Another change, albeit isn’t as big but more so final; over our holiday together we met with our immigration lawyer as planned and the process is definitely underway to say the least. You should see my immigration file, the thing is huge! And she gave us a full fledged list of homework to complete by the end of January (along with another invoice) and then told us that if we sent the application in some time in February,  as well as asked (and paid for) rush processing, we could get a response within three weeks rather than three months. Whoa!

There’s so much to prepare for and on the list of homework we were given, Si, bless his heart, has to complete the bulk of it. There are letters I need to prepare, proof of employment and preparation I need to provide, but mainly the list of homework is for Si. That’s not to say I don’t have my share of homework here as well; preparing to move myself and my dog, settling debts, figuring out what’s staying (or being sold) and what’s going to be sent to England, and trying to figure out the most gentle way to say ‘see ya later’ to friends and family. That last one will be the most difficult but it’s something that must be done because I really cannot see living life separated from my guy (now my fiance!!) for much longer.

Speaking of separation… Leaving Si at the airport this last time was, in a word, awful. I cried a little the day before I left, a little the day of, and then I also shed a few tears on the plane somewhere over the Atlantic. Then I cried a little when I first saw my Mom at the airport and then again later that same night before I went back to my empty house. (Should have titled this entry, The Crying). I shouldn’t say empty, at least I have my dog, thank God.

Not having Si with me, not being with him, is heartbreaking. It physically hurts having to leave him back in England; it’s incredibly difficult and some days it feels like it will actually crush me.

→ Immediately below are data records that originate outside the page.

lemma coeff_char_poly_digit_matrix:
  assumes n: "n \<ge> 1" and h: "h \<noteq> 0"
  shows "coeff (char_poly (digit_matrix n h D)) m =
    (if m = 2*n+1 then 1 else 0) - (\<Sum>k\<in>{diag_lo n m..<diag_hi n m}. h^k * D k (m + k + 1 - n))"
proof -
  have diagonal: "(\<Sum>s<n. if s + (n - 1 - k) = m then h^k * D k s else 0) =
      (if k \<in> {diag_lo n m..<diag_hi n m} then h^k * D k (m + k + 1 - n) else 0)" if "k < n" for k
  proof (cases "n - 1 - k \<le> m")
    case True
    then have "(\<Sum>s<n. if s + (n - 1 - k) = m then h^k * D k s else 0) =
        (\<Sum>s<n. if s = m + k + 1 - n then h^k * D k s else 0)"
      using that by (intro sum.cong) auto
    then show ?thesis using True that by auto
  qed (auto intro!: sum.neutral)
  have "coeff (char_poly (digit_matrix n h D)) m = (if m = 2*n+1 then 1 else 0) -
      (\<Sum>k<n. \<Sum>s<n. if s + (n - 1 - k) = m then h^k * D k s else 0)"
    using n h by (simp add: char_poly_digit_matrix coeff_sum coeff_monom)
  also have "(\<Sum>k<n. \<Sum>s<n. if s + (n - 1 - k) = m then h^k * D k s else 0) =
      (\<Sum>k\<in>{..<n} \<inter> {diag_lo n m..<diag_hi n m}. h^k * D k (m + k + 1 - n))"
    unfolding sum.inter_restrict[OF finite_lessThan] by (intro sum.cong refl, rule diagonal) simp
  also have "{..<n} \<inter> {diag_lo n m..<diag_hi n m} = {diag_lo n m..<diag_hi n m}" by auto
  finally show ?thesis .
qed

lemma all_index_le_double_split:
  fixes n :: nat and Q :: "nat \<Rightarrow> bool"
  assumes n: "n \<ge> 1"
  shows "(\<forall>m\<le>2*n. Q m) \<longleftrightarrow>
    Q (2*n) \<and> Q (2*n - 1) \<and> (\<forall>k\<in>{2..n+1}. Q (2*n - k)) \<and> (\<forall>k\<in>{2..n}. Q (n - k))"
proof
  assume "\<forall>m\<le>2*n. Q m"
  then show "Q (2*n) \<and> Q (2*n - 1) \<and> (\<forall>k\<in>{2..n+1}. Q (2*n - k)) \<and> (\<forall>k\<in>{2..n}. Q (n - k))"
    by simp
next
  assume Q: "Q (2*n) \<and> Q (2*n - 1) \<and> (\<forall>k\<in>{2..n+1}. Q (2*n - k)) \<and> (\<forall>k\<in>{2..n}. Q (n - k))"
  show "\<forall>m\<le>2*n. Q m"
  proof (intro allI impI)
    fix m assume m: "m \<le> 2*n"
    then consider "m = 2*n" | "m = 2*n - 1" | "n - 1 \<le> m" "m \<le> 2*n - 2" | "m + 2 \<le> n"
      using n by linarith
    then show "Q m"
    proof cases
      case 3
      then have "2*n - m \<in> {2..n+1}" using n m by auto
      then have "Q (2*n - (2*n - m))" using Q by blast
      then show ?thesis using m by simp
    next
      case 4
      then have "n - m \<in> {2..n}" by auto
      then have "Q (n - (n - m))" using Q by blast
      then show ?thesis using 4 by simp
    qed (use Q in simp_all)
  qed
qed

That said, what we both have to remember is the love. We’re going through all of this for a reason and that reason is our love. The ups and downs, the tears and the laughter, it’s all a part of it. Not every day has been or will be sunshine and daisies and in fact, with this process, a lot of the days are going to require hard work, determination, and the occasional stack of cash (which equates to even more hours put in at both jobs). This process will require that we pull ourselves up by the bootstraps, focus on the good, and power through the not-so-good keeping our goal in sight. Then again, that’s pretty much what life is all about, no?

This isn’t going to be a walk in the park but a dear friend recently told me that the greatest things in life don’t come easy. He’s right. They don’t. So whatever it is that comes our way; whatever difficulty, whatever roadblock, whatever resistance we are faced with, we will meet head on with drive, determination, and love. Oh and the occasional glass of beer (or Bailey’s).

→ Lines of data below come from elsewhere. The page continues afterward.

lemma tau'_lumpable:
  assumes k: "k \<in> nonpercolating_layers" and j: "j < 3"
  shows "(\<Sum>l\<in>{l\<in>nonpercolating_layers. tau'_class l = j}. theta J kB T k l)
           = tau' J kB T $$ (tau'_class k, j)"
proof -
  define r where "r = tau'_reps ! tau'_class k"
  obtain a where orbit: "k = (rot_index ^^ a) r"
    using tau'_class_orbit[OF k] unfolding r_def by blast
  have r: "r \<in> {1..16}" "tau'_class k < 3"
    by (simp_all add: r_def tau'_reps_def tau'_class_def)
  have "(\<Sum>l\<in>tau'_classes ! j. theta J kB T k l) = (\<Sum>l\<in>tau'_classes ! j. theta J kB T r l)"
    unfolding orbit using tau'_classes_props[OF j] r by (intro theta_row_sum_funpow_rot_index)
  then show ?thesis
    using tau'_class_fiber[OF j] tau'_entry[OF r(2) j] by (simp add: r_def)
qed

lemma tau'_pos:
  assumes "i < 3" "j < 3"
  shows "tau' J kB T $$ (i, j) > 0"
proof -
  have "finite (tau'_classes ! j)"
    using tau'_classes_props(1)[OF assms(2)] finite_subset by blast
  then show ?thesis
    using tau'_classes_props(2)[OF assms(2)] by (simp add: tau'_entry[OF assms] sum_pos theta_pos)
qed

section \<open>Partition functions as closed walk sums\<close>

definition state_index :: "(nat \<Rightarrow> int) \<Rightarrow> nat" where
  "state_index s = nat (1 + (1 - s 0) div 2 + (1 - s 1) + 2 * (1 - s 2) + 4 * (1 - s 3))"

lemma state_index_state: "k \<in> {1..16} \<Longrightarrow> state_index (state k) = k"
  by (drule layer_index_cases) (auto simp: state_index_def state_def)

lemma inj_on_state: "inj_on state {1..16}"
  by (metis inj_onI state_index_state)

lemma state_mem_image_iff: "k \<in> {1..16} \<Longrightarrow> X \<subseteq> {1..16} \<Longrightarrow> state k \<in> state ` X \<longleftrightarrow> k \<in> X"
  using inj_on_image_mem_iff[OF inj_on_state] by blast

lemma state_image:
  "state ` {1..16} = {s. (\<forall>i<4. s i \<in> {-1, 1}) \<and> (\<forall>i. 4 \<le> i \<longrightarrow> s i = 1)}"
proof (intro equalityI subsetI)
  fix s
  assume "s \<in> state ` {1..16}"
  moreover have "((k - 1) div 2 ^ i) mod 2 = 0 \<or> ((k - 1) div 2 ^ i) mod 2 = 1" for k i :: nat
    by auto
  ultimately show "s \<in> {s. (\<forall>i<4. s i \<in> {-1, 1}) \<and> (\<forall>i. 4 \<le> i \<longrightarrow> s i = 1)}"
    by (auto simp: state_def)
next
  fix s :: "nat \<Rightarrow> int"
  assume "s \<in> {s. (\<forall>i<4. s i \<in> {-1, 1}) \<and> (\<forall>i. 4 \<le> i \<longrightarrow> s i = 1)}"
  then have s: "s 0 \<in> {-1, 1}" "s 1 \<in> {-1, 1}" "s 2 \<in> {-1, 1}" "s 3 \<in> {-1, 1}"
    and s_high: "\<And>i. 4 \<le> i \<Longrightarrow> s i = 1"
    by auto
  have "state (state_index s) i = s i" for i
  proof (cases "i < 4")
    case True
    then show ?thesis
      using s less_4_cases[OF True] by (auto simp: state_index_def state_def)
  qed (simp add: state_def s_high)
  moreover have "state_index s \<in> {1..16}"
    using s by (auto simp: state_index_def)
  ultimately show "s \<in> state ` {1..16}"
    by (metis ext image_eqI)
qed

lemma configs_eq: "configs M = {\<sigma>. (\<forall>m<M. \<sigma> m \<in> state ` {1..16}) \<and> (\<forall>m. M \<le> m \<longrightarrow> \<sigma> m = (\<lambda>_. 1))}"
  unfolding configs_def state_image by (auto simp: fun_eq_iff) (metis not_le)

definition config_of :: "nat \<Rightarrow> (nat \<Rightarrow> nat) \<Rightarrow> nat \<Rightarrow> nat \<Rightarrow> int" where
  "config_of M f m = (if m < M then state (f m) else (\<lambda>_. 1))"

lemma bij_betw_config_of:
  assumes X: "X \<subseteq> {1..16}"
  shows "bij_betw (config_of M) (PiE {..<M} (\<lambda>_. X)) {\<sigma> \<in> configs M. \<forall>m<M. \<sigma> m \<in> state ` X}"
proof (rule bij_betw_imageI)
  show "inj_on (config_of M) (PiE {..<M} (\<lambda>_. X))"
  proof (rule inj_onI)
    fix f g
    assume f: "f \<in> PiE {..<M} (\<lambda>_. X)" and g: "g \<in> PiE {..<M} (\<lambda>_. X)"
      and "config_of M f = config_of M g"
    show "f = g"
    proof (rule PiE_ext[OF f g])
      fix m
      assume "m \<in> {..<M}"
      moreover have "config_of M f m = config_of M g m"
        using \<open>config_of M f = config_of M g\<close> by simp
      ultimately have "state (f m) = state (g m)" "f m \<in> {1..16}" "g m \<in> {1..16}"
        using f g X by (auto simp: config_of_def PiE_iff)
      then show "f m = g m"
        by (metis state_index_state)
    qed
  qed
  show "config_of M ` PiE {..<M} (\<lambda>_. X) = {\<sigma> \<in> configs M. \<forall>m<M. \<sigma> m \<in> state ` X}"
  proof (intro equalityI subsetI)
    fix \<sigma>
    assume "\<sigma> \<in> config_of M ` PiE {..<M} (\<lambda>_. X)"
    then show "\<sigma> \<in> {\<sigma> \<in> configs M. \<forall>m<M. \<sigma> m \<in> state ` X}"
      using X by (force simp: configs_eq config_of_def PiE_iff)
  next
    fix \<sigma>
    assume "\<sigma> \<in> {\<sigma> \<in> configs M. \<forall>m<M. \<sigma> m \<in> state ` X}"
    then have \<sigma>: "\<forall>m<M. \<sigma> m \<in> state ` X" "\<forall>m. M \<le> m \<longrightarrow> \<sigma> m = (\<lambda>_. 1)"
      by (auto simp: configs_eq)
    define f where "f = restrict (\<lambda>m. state_index (\<sigma> m)) {..<M}"
    have "state (f m) = \<sigma> m \<and> f m \<in> X" if "m < M" for m
    proof -
      obtain k where "k \<in> X" "\<sigma> m = state k"
        using \<sigma>(1) \<open>m < M\<close> by blast
      then show ?thesis
        using X that by (auto simp: f_def state_index_state)
    qed
    then have "f \<in> PiE {..<M} (\<lambda>_. X)" "config_of M f = \<sigma>"
      using \<sigma>(2) by (auto simp: f_def config_of_def fun_eq_iff)
    then show "\<sigma> \<in> config_of M ` PiE {..<M} (\<lambda>_. X)"
      by blast
  qed
qed

lemma exp_Htot_config_of:
  "exp (- Htot J M (config_of M f) / (kB * T)) = (\<Prod>m<M. theta J kB T (f m) (f ((m + 1) mod M)))"
proof -
  have "Htot J M (config_of M f) = (\<Sum>m<M. Hlayer J (state (f m)) (state (f ((m + 1) mod M))))"
    unfolding Htot_def by (intro sum.cong) (auto simp: config_of_def)
  then have "- Htot J M (config_of M f) / (kB * T)
      = (\<Sum>m<M. - Hlayer J (state (f m)) (state (f ((m + 1) mod M))) / (kB * T))"
    by (simp add: sum_negf sum_divide_distrib)
  then show ?thesis
    by (simp add: exp_sum theta_def)
qed

lemma sum_configs_eq_closed_walk_sum:
  assumes "X \<subseteq> {1..16}"
  shows "(\<Sum>\<sigma>\<in>{\<sigma> \<in> configs M. \<forall>m<M. \<sigma> m \<in> state ` X}. exp (- Htot J M \<sigma> / (kB * T)))
           = closed_walk_sum (theta J kB T) X M"
  unfolding closed_walk_sum_def exp_Htot_config_of[symmetric]
  by (rule sum.reindex_bij_betw[OF bij_betw_config_of[OF assms], symmetric])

One thought on “Tough Love

  1. This just makes me wanna hug you. Man, I can identify with everything you said here. It IS crushing at times to be without the one your soul loves. During thr 2 years I was without Samuel, some days I had to remind myself that he wasn’t dead, so quit acting like it. Because that’s how much it hurt and how hard it was… I felt like I was grieving a death – my heart wasn’t whole.

    But gosh… the reason for all this sadness is SO FABULOUS. It’s unbelievably huge joy and sweetness and love! He asked your mom!!! That is so wonderful. I am so happy for you and, really, I am so happy for this really tough season of being apart and the tearsbecause that means you’ve found the love that completes your heart and it isn’t mediocre and it won’t be so easy to take for granted. And you deserve that kind of love. It’s amazing what God did when creating love. Nothing compares to this kind of love. Two babies I adore later, and I don’t hesitate a second to say, nothing compares. Yay you guys!!